“I don’t see that for my part,” cried Mrs. MacKell, feeling herself attacked, and responding with instant readiness. “Dear me! if I were in my mother’s position, to see all my children about me, all that remain, would aye be a joyful occasion, whatever was the cause; and what better could she do at her age than go up the loch to my sister Jean’s comfortable house, where she would be much made of, and have all her old friends about her? My mother has been a good mother. I have not a word to say against that; but she’s always been a proud woman, awfully proud, holding her head as high as the Duchess, and making everybody stand about. I’ll not say but what it has been very good for us, for we’ve never fallen among the common sort. But still, you know, unless where there’s siller that sort of thing cannot be kept up. Of course, I would like it better,” added Mrs. MacKell, “to have my mother near, where I could send the bairns—excuse me for using the words of the place.”

“Oh, I like the words,” said Edgar, with a laugh, which he could not quite restrain—better than the sentiments, he would have said.

“Where I could send any of my young folk that happened to be looking white, at any moment,” she went on; “far different from what I could do with Jean, who has the assurance to tell me she always invites her friends when she wants them, though her son has his dinner with us every Sunday of his life during the Session! Therefore it’s clear what my interest is. But you see, Mr. Edgar,” she continued, softening, “you have the ways of a rich man. You never think of the difficulties. Oh! Charles, is that you? I’m glad to see you looking so well; and how are things going in the East country? and how is your sister Marg’ret, and little Bell? If my young folk had known you were here, they would have wanted you away with them in the boat. But I must go ben and see my mother before all the folk come in. I suppose you are going to look over the farm, and the beasts, with the rest.”

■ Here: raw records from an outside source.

lemma token_E_path_iff_token_shift:
  assumes "finite A" "finite B" "card A = card B"
  shows "token_E path_E A B \<longleftrightarrow> token_shift A B \<or> token_shift B A"
proof
  assume "token_E path_E A B"
  then obtain u v where uv: "path_E u v" "(A - B) \<union> (B - A) = {u, v}"
    unfolding token_E_def by blast
  have "u \<noteq> v" using uv(1) by (auto simp: path_E_def)
  moreover have "card ((A - B) \<union> (B - A)) = card (A - B) + card (B - A)"
    using assms(1,2) by (intro card_Un_disjoint) auto
  moreover have "card (A - B) = card (B - A)"
    using assms card_Diff_subset_Int[of A B] card_Diff_subset_Int[of B A] by (simp add: Int_commute)
  ultimately have "card (A - B) = 1" "card (B - A) = 1" using uv(2) by simp_all
  then obtain p q where p: "A - B = {p}" and q: "B - A = {q}"
    by (meson card_1_singletonE)
  have "{p, q} = {u, v}" using uv(2) p q by (simp add: insert_commute)
  then have "path_E p q" using uv(1) by (auto simp: doubleton_eq_iff path_E_def)
  moreover have "B = insert q (A - {p})" "A = insert p (B - {q})" "p \<in> A" "q \<in> B" "q \<notin> A" "p \<notin> B"
    using p q by blast+
  ultimately show "token_shift A B \<or> token_shift B A"
    unfolding token_shift_def path_E_def by auto
next
  assume "token_shift A B \<or> token_shift B A"
  then show "token_E path_E A B"
    unfolding token_shift_def token_E_def path_E_def by (elim disjE bexE conjE) auto
qed

text \<open>Points of \<open>Zm_V m\<close> vanish at 0, so the chain starts with \<open>y 0 = 0\<close>.\<close>

lemma Delta_V_iff:
  "y \<in> Delta_V m n \<longleftrightarrow> y \<in> Zm_V m \<and> (\<forall>k<m. y k \<le> y (Suc k)) \<and> y m \<le> int n"
proof -
  have "(0 \<le> y 1 \<and> (\<forall>i. 1 \<le> i \<and> i < m \<longrightarrow> y i \<le> y (i + 1))) \<longleftrightarrow> (\<forall>k<m. y k \<le> y (Suc k))"
    if "y \<in> Zm_V m"
  proof -
    have y0: "y 0 = 0" and "m = 0 \<Longrightarrow> y 1 = 0" using that by (auto simp: Zm_V_def)
    moreover have "y k \<le> y (Suc k)" if "0 \<le> y 1" "\<forall>i. 1 \<le> i \<and> i < m \<longrightarrow> y i \<le> y (i + 1)" "k < m" for k
      using that y0 by (cases k) auto
    ultimately show ?thesis by (cases m) auto
  qed
  then show ?thesis unfolding Delta_V_def by blast
qed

The young doctor—upon whom as a man of his own age, and one more like the people he had been accustomed to than those he now found around him, Edgar had looked, with more interest than any of his other relations had called from him—came up to him now with a face overcast with care.

“May I speak to you about this painful subject,” he said, “before the others come in?”

“Why a painful subject?” asked Edgar, with a smile, which was half tremulous with feeling, and half indignant, too proud for sympathy.

“It may not be so to you,” said the young man. “She brought us up, every one of my family; but what can I do? I have a brother in Australia, too far off to help, and another a clerk in London. As for me, I have the charge of my eldest sister, who is a widow with a child. You don’t know what a hard fight it is for a young medical man struggling to make his way.”

“No, not yet,” said Edgar, with a smile.

“Not yet? How can you know? If I were to take my grandmother home with me, which I would do gladly, she would be far from everything that she knows and cares for—in a new place, among strangers. Her whole life would be broken up. And I could not take Jeanie,” the young man added, with a thrill of still greater pain in his voice. “There would be other dangers. What can we do? I cannot bear to think that she must leave this place. But I have so little power to help, and consequently so little voice in the matter.”

“I have not very much,” said Edgar; “but yet enough, I think, to decide this question. And so long as I have a shilling, she shall not be driven away from her home. On that I have made up my mind.”